La jeunesse suisse a connu cette émergence d’un marché spécifique dans lequel la
musique joue un rôle majeur avec l’apparition de groupes locaux dès les années 60, comme
les Aiglons ou Krokodil. Mais qu’en est-il précisément de cet héritage en 1980, au moment où
les différentes manifestations sont sur le point de débuter en Suisse. Avant d’analyser cette
« culture jeune » en Suisse dans une perspective socio-historique, un dernier concept est
nécessaire, celui de scène défini par le sociologue Will Straw comme l’espace se
regroupent plusieurs acteurs en fonction de différents aspects comme la localisation, le type
de production culturelle ou encore les activités sociales qui y sont pratiquées14. Ici la scène
représente l’unité spatiale se cristallise une culture, identifiable à travers divers éléments
comme l’existence d’un lieu de rassemblement ou de groupes phare. A noter que pour la
Suisse du début des années 1980, cette scène ne se focalise pas sur un seul genre musical. Du
fait de son aspect relativement réduit et, comme nous le préciserons par la suite, du peu
d’occasion de se produire pour ce type de cultures, les artistes et publics de rock, de punk, de
reggae se concentrent dans une même scène commune.

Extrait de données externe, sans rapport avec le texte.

(* Let $c$ be a statement, $lc$ a location and $b$ a Boolean. If $lc \in \mathit{all\_locations}\ c\ \mathit{PTop}$, then every location occurring as the first component of an element of $\mathit{synt\_step\_image}\ (lc,b)$ belongs to $\mathit{all\_locations}\ c\ \mathit{PTop}$.
   Context: Syntax. Values: $\mathit{val} ::= \mathit{Bool}\ b \mid \mathit{Null}$. Expressions: $\mathit{expr} ::= \mathit{Val}\ v \mid \mathit{Var}\ x$. Statements: $\mathit{stmt} ::= \mathit{Empty} \mid \mathit{Assign}\ x\ v \mid \mathit{Seq}\ c_1\ c_2 \mid \mathit{Cond}\ e\ c_1\ c_2 \mid \mathit{While}\ e\ c$. Statement paths: $\mathit{stmt\_path} ::= \mathit{PTop} \mid \mathit{PSeqLeft}\ sp\ c_2 \mid \mathit{PSeqRight}\ c_1\ sp \mid \mathit{PCondLeft}\ e\ sp\ c_2 \mid \mathit{PCondRight}\ e\ c_1\ sp \mid \mathit{PWhile}\ e\ sp$. A location is $\mathit{Loc}\ c\ sp$. A syntactic configuration is a pair (location, Boolean). $\mathit{all\_locations}\ c\ sp$ is the list of all locations of subtrees of $c$ in context $sp$: it contains $\mathit{Loc}\ c\ sp$, and additionally for $c=\mathit{Seq}\ c_1\ c_2$ the elements of $\mathit{all\_locations}\ c_1\ (\mathit{PSeqLeft}\ sp\ c_2)$ and $\mathit{all\_locations}\ c_2\ (\mathit{PSeqRight}\ c_1\ sp)$; for $c=\mathit{Cond}\ e\ c_1\ c_2$ those of $\mathit{all\_locations}\ c_1\ (\mathit{PCondLeft}\ e\ sp\ c_2)$ and $\mathit{all\_locations}\ c_2\ (\mathit{PCondRight}\ e\ c_1\ sp)$; for $c=\mathit{While}\ e\ c'$ those of $\mathit{all\_locations}\ c'\ (\mathit{PWhile}\ e\ sp)$; and nothing else. Next location: $\mathit{next\_loc}\ c\ \mathit{PTop} = (\mathit{Loc}\ c\ \mathit{PTop}, \mathit{False})$; $\mathit{next\_loc}\ c\ (\mathit{PSeqLeft}\ sp\ c_2) = (\mathit{Loc}\ c_2\ (\mathit{PSeqRight}\ c\ sp), \mathit{True})$; $\mathit{next\_loc}\ c\ (\mathit{PSeqRight}\ c_1\ sp) = (\mathit{Loc}\ (\mathit{Seq}\ c_1\ c)\ sp, \mathit{False})$; $\mathit{next\_loc}\ c\ (\mathit{PCondLeft}\ e\ sp\ c_2) = (\mathit{Loc}\ (\mathit{Cond}\ e\ c\ c_2)\ sp, \mathit{False})$; $\mathit{next\_loc}\ c\ (\mathit{PCondRight}\ e\ c_1\ sp) = (\mathit{Loc}\ (\mathit{Cond}\ e\ c_1\ c)\ sp, \mathit{False})$; $\mathit{next\_loc}\ c\ (\mathit{PWhile}\ e\ sp) = (\mathit{Loc}\ (\mathit{While}\ e\ c)\ sp, \mathit{True})$. $\mathit{synt\_step\_image}$: $(\mathit{Loc}\ \mathit{Empty}\ sp,\mathit{True})\mapsto[(\mathit{Loc}\ \mathit{Empty}\ sp,\mathit{False})]$; $(\mathit{Loc}\ (\mathit{Assign}\ x\ v)\ sp,\mathit{True})\mapsto[(\mathit{Loc}\ (\mathit{Assign}\ x\ v)\ sp,\mathit{False})]$; $(\mathit{Loc}\ (\mathit{Seq}\ c_1\ c_2)\ sp,\mathit{True})\mapsto[(\mathit{Loc}\ c_1\ (\mathit{PSeqLeft}\ sp\ c_2),\mathit{True})]$; $(\mathit{Loc}\ (\mathit{Cond}\ e\ c_1\ c_2)\ sp,\mathit{True})\mapsto[(\mathit{Loc}\ c_1\ (\mathit{PCondLeft}\ e\ sp\ c_2),\mathit{True}),(\mathit{Loc}\ c_2\ (\mathit{PCondRight}\ e\ c_1\ sp),\mathit{True})]$; $(\mathit{Loc}\ (\mathit{While}\ e\ c)\ sp,\mathit{True})\mapsto[(\mathit{Loc}\ c\ (\mathit{PWhile}\ e\ sp),\mathit{True}),(\mathit{Loc}\ (\mathit{While}\ e\ c)\ sp,\mathit{False})]$; $(\mathit{Loc}\ c\ sp,\mathit{False})\mapsto[\,]$ if $sp=\mathit{PTop}$, else $[\mathit{next\_loc}\ c\ sp]$. *)

theory Defs
  imports Main
begin

type_synonym vname = string

datatype val = Bool bool | Null

datatype expr = Val val | Var vname

datatype stmt = Empty | Assign vname val | Seq stmt stmt | Cond expr stmt stmt | While expr stmt

datatype stmt_path = PTop | PSeqLeft stmt_path stmt | PSeqRight stmt stmt_path
  | PCondLeft expr stmt_path stmt | PCondRight expr stmt stmt_path | PWhile expr stmt_path

datatype location = Loc stmt stmt_path

type_synonym synt_config = "location \<times> bool"

fun all_locations :: "stmt \<Rightarrow> stmt_path \<Rightarrow> location list" where
  "all_locations (Seq c1 c2) sp =
     Loc (Seq c1 c2) sp # all_locations c1 (PSeqLeft sp c2) @ all_locations c2 (PSeqRight c1 sp)"
| "all_locations (Cond e c1 c2) sp =
     Loc (Cond e c1 c2) sp # all_locations c1 (PCondLeft e sp c2) @ all_locations c2 (PCondRight e c1 sp)"
| "all_locations (While e c) sp = Loc (While e c) sp # all_locations c (PWhile e sp)"
| "all_locations c sp = [Loc c sp]"

fun next_loc :: "stmt \<Rightarrow> stmt_path \<Rightarrow> synt_config" where
  "next_loc c PTop = (Loc c PTop, False)"
| "next_loc c (PSeqLeft sp c2) = (Loc c2 (PSeqRight c sp), True)"
| "next_loc c (PSeqRight c1 sp) = (Loc (Seq c1 c) sp, False)"
| "next_loc c (PCondLeft e sp c2) = (Loc (Cond e c c2) sp, False)"
| "next_loc c (PCondRight e c1 sp) = (Loc (Cond e c1 c) sp, False)"
| "next_loc c (PWhile e sp) = (Loc (While e c) sp, True)"

fun synt_step_image :: "synt_config \<Rightarrow> synt_config list" where
  "synt_step_image (Loc Empty sp, True) = [(Loc Empty sp, False)]"
| "synt_step_image (Loc (Assign x v) sp, True) = [(Loc (Assign x v) sp, False)]"
| "synt_step_image (Loc (Seq c1 c2) sp, True) = [(Loc c1 (PSeqLeft sp c2), True)]"
| "synt_step_image (Loc (Cond e c1 c2) sp, True) =
     [(Loc c1 (PCondLeft e sp c2), True), (Loc c2 (PCondRight e c1 sp), True)]"
| "synt_step_image (Loc (While e c) sp, True) =
     [(Loc c (PWhile e sp), True), (Loc (While e c) sp, False)]"
| "synt_step_image (Loc c sp, False) = (if sp = PTop then [] else [next_loc c sp])"

end

theory Submission
  imports Defs
begin

text \<open>A step from an entry configuration descends into an immediate subterm, so it stays
among the locations below the current one. A step from an exit configuration moves to the
sibling or the parent, and exists only below the root, where sibling and parent are again
locations of the whole program.\<close>

lemma Loc_in_all_locations: "Loc c sp \<in> set (all_locations c sp)"
  by (cases c) auto

lemma all_locations_subset:
  "Loc c' sp' \<in> set (all_locations c sp) \<Longrightarrow>
   set (all_locations c' sp') \<subseteq> set (all_locations c sp)"
  by (induction c arbitrary: sp) auto

lemma next_loc_in_all_locations:
  assumes "Loc c' sp' \<in> set (all_locations c sp)" and "Loc c' sp' \<noteq> Loc c sp"
  shows "fst (next_loc c' sp') \<in> set (all_locations c sp)"
  using assms
proof (induction c arbitrary: sp)
  case (Seq c1 c2)
  consider "Loc c' sp' \<in> set (all_locations c1 (PSeqLeft sp c2))"
    | "Loc c' sp' \<in> set (all_locations c2 (PSeqRight c1 sp))"
    using Seq.prems by auto
  then show ?case
  proof cases
    case 1
    then show ?thesis
      using Seq.IH(1)[OF 1] Loc_in_all_locations[of c2 "PSeqRight c1 sp"]
      by (cases "Loc c' sp' = Loc c1 (PSeqLeft sp c2)") auto
  next
    case 2
    then show ?thesis
      using Seq.IH(2)[OF 2] by (cases "Loc c' sp' = Loc c2 (PSeqRight c1 sp)") auto
  qed
next
  case (Cond e c1 c2)
  consider "Loc c' sp' \<in> set (all_locations c1 (PCondLeft e sp c2))"
    | "Loc c' sp' \<in> set (all_locations c2 (PCondRight e c1 sp))"
    using Cond.prems by auto
  then show ?case
    by cases (use Cond.IH in fastforce)+
next
  case (While e c)
  then show ?case by (cases "Loc c' sp' = Loc c (PWhile e sp)") auto
qed auto

lemma synt_step_image_True_in_all_locations:
  "cfg \<in> set (synt_step_image (Loc c sp, True)) \<Longrightarrow>
   fst cfg \<in> set (all_locations c sp)"
  by (cases c) (auto intro: Loc_in_all_locations)

theorem lemma2:
  fixes c :: stmt and lc :: location and b :: bool
  assumes "lc \<in> set (all_locations c PTop)"
  shows "\<forall>cfg \<in> set (synt_step_image (lc, b)). fst cfg \<in> set (all_locations c PTop)"
proof
  fix cfg assume cfg: "cfg \<in> set (synt_step_image (lc, b))"
  obtain c' sp' where lc: "lc = Loc c' sp'" by (cases lc)
  show "fst cfg \<in> set (all_locations c PTop)"
  proof (cases b)
    case True
    with cfg lc have "fst cfg \<in> set (all_locations c' sp')"
      by (simp add: synt_step_image_True_in_all_locations)
    then show ?thesis using all_locations_subset assms lc by blast
  next
    case False
    with cfg lc have "sp' \<noteq> PTop" "cfg = next_loc c' sp'"
      by (auto split: if_splits)
    then show ?thesis using next_loc_in_all_locations assms lc by auto
  qed
qed

end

Un autre aspect de la scène suisse est que, contrairement aux autres pays européens et
notamment à la Grande-Bretagne, elle ne connait pas de changement drastique sur le plan
économique suite à la crise des années 1970. En effet, en 1982, son PIB ne connaitra qu’une
baisse de 1,1%. Même à la fin de période de crise, en 1984, son taux de chômage ne dépassera
jamais les 1,2%15, alors qu’il est de 7,2% en France à la même époque16. Par contre, la
situation suisse se rapproche de la tendance européenne quant à la baisse tendancielle des
contestations sociales17. Après avoir atteint son apogée en Suisse en 1975, les mobilisations
baissent drastiquement à la fin des années 70 pour retomber à un niveau similaire à celui
d’avant 1967 en 197818.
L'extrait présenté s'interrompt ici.